The Three Keys to Deal Timeline Acceleration

Posted on: August 26th, 2019

Keys to Deal Timeline Acceleration

Deal timelines for middle market transactions often stretch beyond the original closing timeline. Despite everyone’s interest in a quick close, timelines extend for any number of reasons whether a third party delay, a legal delay or a business diligence delay.

Middle market acquisitions usually have a focused seller on one side, seeking to close as soon as possible. Any unforeseen event that materially pushes your closing date out, decreases your certainty of close and puts your deal at risk.

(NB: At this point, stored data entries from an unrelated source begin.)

(* Let $F=(n_F)_{n\ge1}$ be a sequence in the family $\mathcal{T}_\lambda$. Let $n\in\mathbb{N}$, and let $(b_1,\dots,b_k)$ be any composition of $n$ into positive parts. Then the $F$-box $V_{n,n}=[1_F]\times[2_F]\times\cdots\times[n_F]$ can be partitioned into pairwise disjoint multi-blocks, each of the form $\sigma P_{b_1,\dots,b_k}$ for some permutation $\sigma$ (which may depend on the block).
   Context: Throughout, $\mathbb{N}=\{1,2,\dots\}$ and $[s_F]=\{1,\dots,s_F\}$. The family $\mathcal{T}_\lambda$ consists of sequences $F=(n_F)_{n\ge1}$ of natural numbers for which there exist functions $\lambda_K,\lambda_M:\mathbb{N}\times\mathbb{N}\to\mathbb{N}\cup\{0\}$ such that $(k+m)_F=\lambda_K(k,m)\,k_F+\lambda_M(k,m)\,m_F$ for all $k,m\in\mathbb{N}$. Multi-block: given a composition $(b_1,\dots,b_k)$ of $n$ (so $b_i\ge1$ and $b_1+\dots+b_k=n$), let $L^0=(1,2,\dots,b_1,1,2,\dots,b_2,\dots,1,2,\dots,b_k)$, a vector of length $n$. For a permutation $\sigma$ of $\{1,\dots,n\}$, let $L_s=L^0_{\sigma(s)}$. A multi-block of the form $\sigma P_{b_1,\dots,b_k}$ is a set $A_1\times\cdots\times A_n$ with $A_s\subseteq[s_F]$ and $|A_s|=(L_s)_F$ for $s=1,\dots,n$. In cobweb language, this is a sub-layer of $\langle\Phi_1\to\Phi_n\rangle$, and its points correspond to maximal paths. *)

theory Defs
  imports "HOL-Combinatorics.Permutations"
begin

definition in_T_lambda :: "(nat \<Rightarrow> nat) \<Rightarrow> bool" where
  "in_T_lambda F \<longleftrightarrow> (\<forall>n\<ge>1. F n \<ge> 1) \<and>
     (\<exists>lK lM :: nat \<Rightarrow> nat \<Rightarrow> nat.
        \<forall>k\<ge>1. \<forall>m\<ge>1. F (k + m) = lK k m * F k + lM k m * F m)"

text \<open>Cartesian product A_1 x ... x A_n, tuples as lists; list position i carries coordinate s = i+1.\<close>
definition prod_sets :: "nat \<Rightarrow> (nat \<Rightarrow> nat set) \<Rightarrow> nat list set" where
  "prod_sets n A = {xs. length xs = n \<and> (\<forall>i<n. xs ! i \<in> A (Suc i))}"

definition F_box :: "(nat \<Rightarrow> nat) \<Rightarrow> nat \<Rightarrow> nat list set" where
  "F_box F n = prod_sets n (\<lambda>s. {1..F s})"

text \<open>L^0 = (1,...,b_1,1,...,b_2,...,1,...,b_k), stored 0-indexed.\<close>
definition L0 :: "nat list \<Rightarrow> nat list" where
  "L0 bs = concat (map (\<lambda>b. [1..<Suc b]) bs)"

definition is_multiblock :: "(nat \<Rightarrow> nat) \<Rightarrow> nat list \<Rightarrow> (nat \<Rightarrow> nat) \<Rightarrow> nat list set \<Rightarrow> bool" where
  "is_multiblock F bs \<sigma> B \<longleftrightarrow> (let n = sum_list bs in
     \<sigma> permutes {1..n} \<and>
     (\<exists>A. (\<forall>s\<in>{1..n}. A s \<subseteq> {1..F s} \<and> card (A s) = F (L0 bs ! (\<sigma> s - 1)))
          \<and> B = prod_sets n A))"

end

theory Submission
  imports Defs
begin

text \<open>Induct on the composition: the part b occupies the coordinates n+1, ..., n+b, so it
  suffices to tile a box with side lengths F(m+1), ..., F(m+k) by boxes whose side lengths are a
  rearrangement of F(1), ..., F(k).  The longest side F(m+k) = \<lambda>K F(k) + \<lambda>M F(m) is cut
  into segments of lengths F(k) and F(m).  Over a segment of length F(k) the coordinate is already
  final and the remaining coordinates carry indices m+1, ..., m+k-1; over a segment of length F(m)
  the indices become m, ..., m+k-1.  Either way m+k drops, and the induction stops when m = 0.\<close>

text \<open>Tiles are whole functions: two tiles that agree on S but not outside it count as distinct
  and break uniqueness.\<close>

definition tiling :: "'c set \<Rightarrow> ('c \<Rightarrow> 'a set) \<Rightarrow> ('c \<Rightarrow> 'a set) set \<Rightarrow> bool" where
  "tiling S R T \<longleftrightarrow> (\<forall>A\<in>T. \<forall>s\<in>S. A s \<subseteq> R s) \<and>
     (\<forall>x. (\<forall>s\<in>S. x s \<in> R s) \<longrightarrow> (\<exists>!A. A \<in> T \<and> (\<forall>s\<in>S. x s \<in> A s)))"

text \<open>With g i = F (L0 bs ! (i - 1)) and I = S = {1..n}, this is the multi-block condition of the
  paper, \<tau> playing the role of \<sigma>.\<close>

definition has_shape :: "('i \<Rightarrow> nat) \<Rightarrow> 'i set \<Rightarrow> 'c set \<Rightarrow> ('c \<Rightarrow> 'a set) \<Rightarrow> bool" where
  "has_shape g I S A \<longleftrightarrow> (\<exists>\<tau>. bij_betw \<tau> S I \<and> (\<forall>s\<in>S. card (A s) = g (\<tau> s)))"

subsection \<open>Tilings of boxes\<close>

lemma tilingI:
  assumes "\<And>A s. A \<in> T \<Longrightarrow> s \<in> S \<Longrightarrow> A s \<subseteq> R s"
    and "\<And>x. \<forall>s\<in>S. x s \<in> R s \<Longrightarrow> \<exists>A\<in>T. \<forall>s\<in>S. x s \<in> A s"
    and "\<And>x A A'. A \<in> T \<Longrightarrow> A' \<in> T \<Longrightarrow> \<forall>s\<in>S. x s \<in> A s \<Longrightarrow> \<forall>s\<in>S. x s \<in> A' s \<Longrightarrow> A = A'"
  shows "tiling S R T"
  unfolding tiling_def using assms(1) by (auto intro!: ex_ex1I dest: assms(2) intro: assms(3))

lemma tiling_subset: "tiling S R T \<Longrightarrow> A \<in> T \<Longrightarrow> s \<in> S \<Longrightarrow> A s \<subseteq> R s"
  unfolding tiling_def by blast

lemma tiling_cover: "tiling S R T \<Longrightarrow> \<forall>s\<in>S. x s \<in> R s \<Longrightarrow> \<exists>A\<in>T. \<forall>s\<in>S. x s \<in> A s"
  unfolding tiling_def by blast

lemma tiling_unique:
  assumes "tiling S R T" "A \<in> T" "A' \<in> T" "\<forall>s\<in>S. x s \<in> A s" "\<forall>s\<in>S. x s \<in> A' s"
  shows "A = A'"
proof -
  have "\<forall>s\<in>S. x s \<in> R s" using assms(2,4) tiling_subset[OF assms(1)] by blast
  then have "\<exists>!A. A \<in> T \<and> (\<forall>s\<in>S. x s \<in> A s)" using assms(1) unfolding tiling_def by simp
  with assms(2-5) show ?thesis by (auto elim: ex1E)
qed

lemma tiling_single: "tiling S R {R}"
  by (rule tilingI) auto

lemma tiling_cong:
  assumes "tiling S R T" "\<And>s. s \<in> S \<Longrightarrow> R s = R' s"
  shows "tiling S R' T"
  using assms unfolding tiling_def by simp

lemma tiling_union:
  assumes s0: "s0 \<in> S" and disj: "pairwise disjnt CC" and cover: "\<Union>CC = R s0"
    and T: "\<And>C. C \<in> CC \<Longrightarrow> tiling S (R(s0 := C)) (T C)"
  shows "tiling S R (\<Union>C\<in>CC. T C)"
proof (rule tilingI)
  fix A s assume "A \<in> (\<Union>C\<in>CC. T C)" and s: "s \<in> S"
  then obtain C where C: "C \<in> CC" "A \<in> T C" by blast
  have "A s \<subseteq> (R(s0 := C)) s" using tiling_subset[OF T[OF C(1)] C(2) s] .
  with C(1) cover show "A s \<subseteq> R s" by (cases "s = s0") auto
next
  fix x assume x: "\<forall>s\<in>S. x s \<in> R s"
  then obtain C where C: "C \<in> CC" "x s0 \<in> C" using s0 cover by blast
  with x have "\<forall>s\<in>S. x s \<in> (R(s0 := C)) s" by simp
  then obtain A where "A \<in> T C" "\<forall>s\<in>S. x s \<in> A s" using tiling_cover[OF T[OF C(1)]] by blast
  with C(1) show "\<exists>A\<in>\<Union>C\<in>CC. T C. \<forall>s\<in>S. x s \<in> A s" by blast
next
  fix x A A' assume A: "A \<in> (\<Union>C\<in>CC. T C)" and A': "A' \<in> (\<Union>C\<in>CC. T C)"
    and x: "\<forall>s\<in>S. x s \<in> A s" "\<forall>s\<in>S. x s \<in> A' s"
  obtain C C' where C: "C \<in> CC" "A \<in> T C" and C': "C' \<in> CC" "A' \<in> T C'"
    using A A' by blast
  have "x s0 \<in> C" using tiling_subset[OF T[OF C(1)] C(2) s0] x(1) s0 by auto
  moreover have "x s0 \<in> C'" using tiling_subset[OF T[OF C'(1)] C'(2) s0] x(2) s0 by auto
  ultimately have "C = C'" using disj C(1) C'(1) by (metis disjnt_iff pairwiseD)
  with C'(2) have "A' \<in> T C" by simp
  then show "A = A'" by (rule tiling_unique[OF T[OF C(1)] C(2) _ x])
qed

Ultimately, time kills deals as it saps the teamwork efficiency and collaborative enthusiasm needed to advance the deal along in the first place.

Lenders get frustrated and rethink the loan-worthiness of the soon-to-be borrower. Sellers get anxious because they want to move forward onto the next chapter. Buyers get frustrated because they don’t always understand the root cause reason for the delay, and have a huge amount of resources invested in the deal going through. They key in avoiding these delays is in understanding the gaps in the deal process where information does not align with expectations, and managing these gaps before the deal even gets underway.

To do this, a company should prioritize organization, preparation and resource bandwidth. When the deal process is designed upon a framework of organization, preparation and bandwidth, timelines can be achieved and quick closings happen. Here the Attract Capital “Three Keys to Deal Timeline Acceleration”:

  1. Organization – Learn the diligence approach of the lender and make sure you have all of the information and materials they will require upfront. Most of the information needed is financial in nature, but you need to have industry, legal and background information as well. Make sure there are no major holes and that the information is fresh and accessible. Assemble a deal team leader to gather and manage the information flow with the lender.
  2. Preparation – dealing with lenders requires learning a new language with respect to content, reporting standards and engagement style. Often CEO’s and business owners are not used to this type of interaction. Bring on an advisor who can help familiarize you with the presentation conventions and content expectations. The more you prepare and understand what the lenders are looking for, the faster your deal will go.
  3. Resource Bandwidth – deals are intense projects that need a coordinated internal team to get through. Design your team with ample resources consisting of project leaders, project supporters and functional specialists. Your team should set the pace and make sure all other deal collaborators are on pace. The larger your resource base, the faster your timeline speed.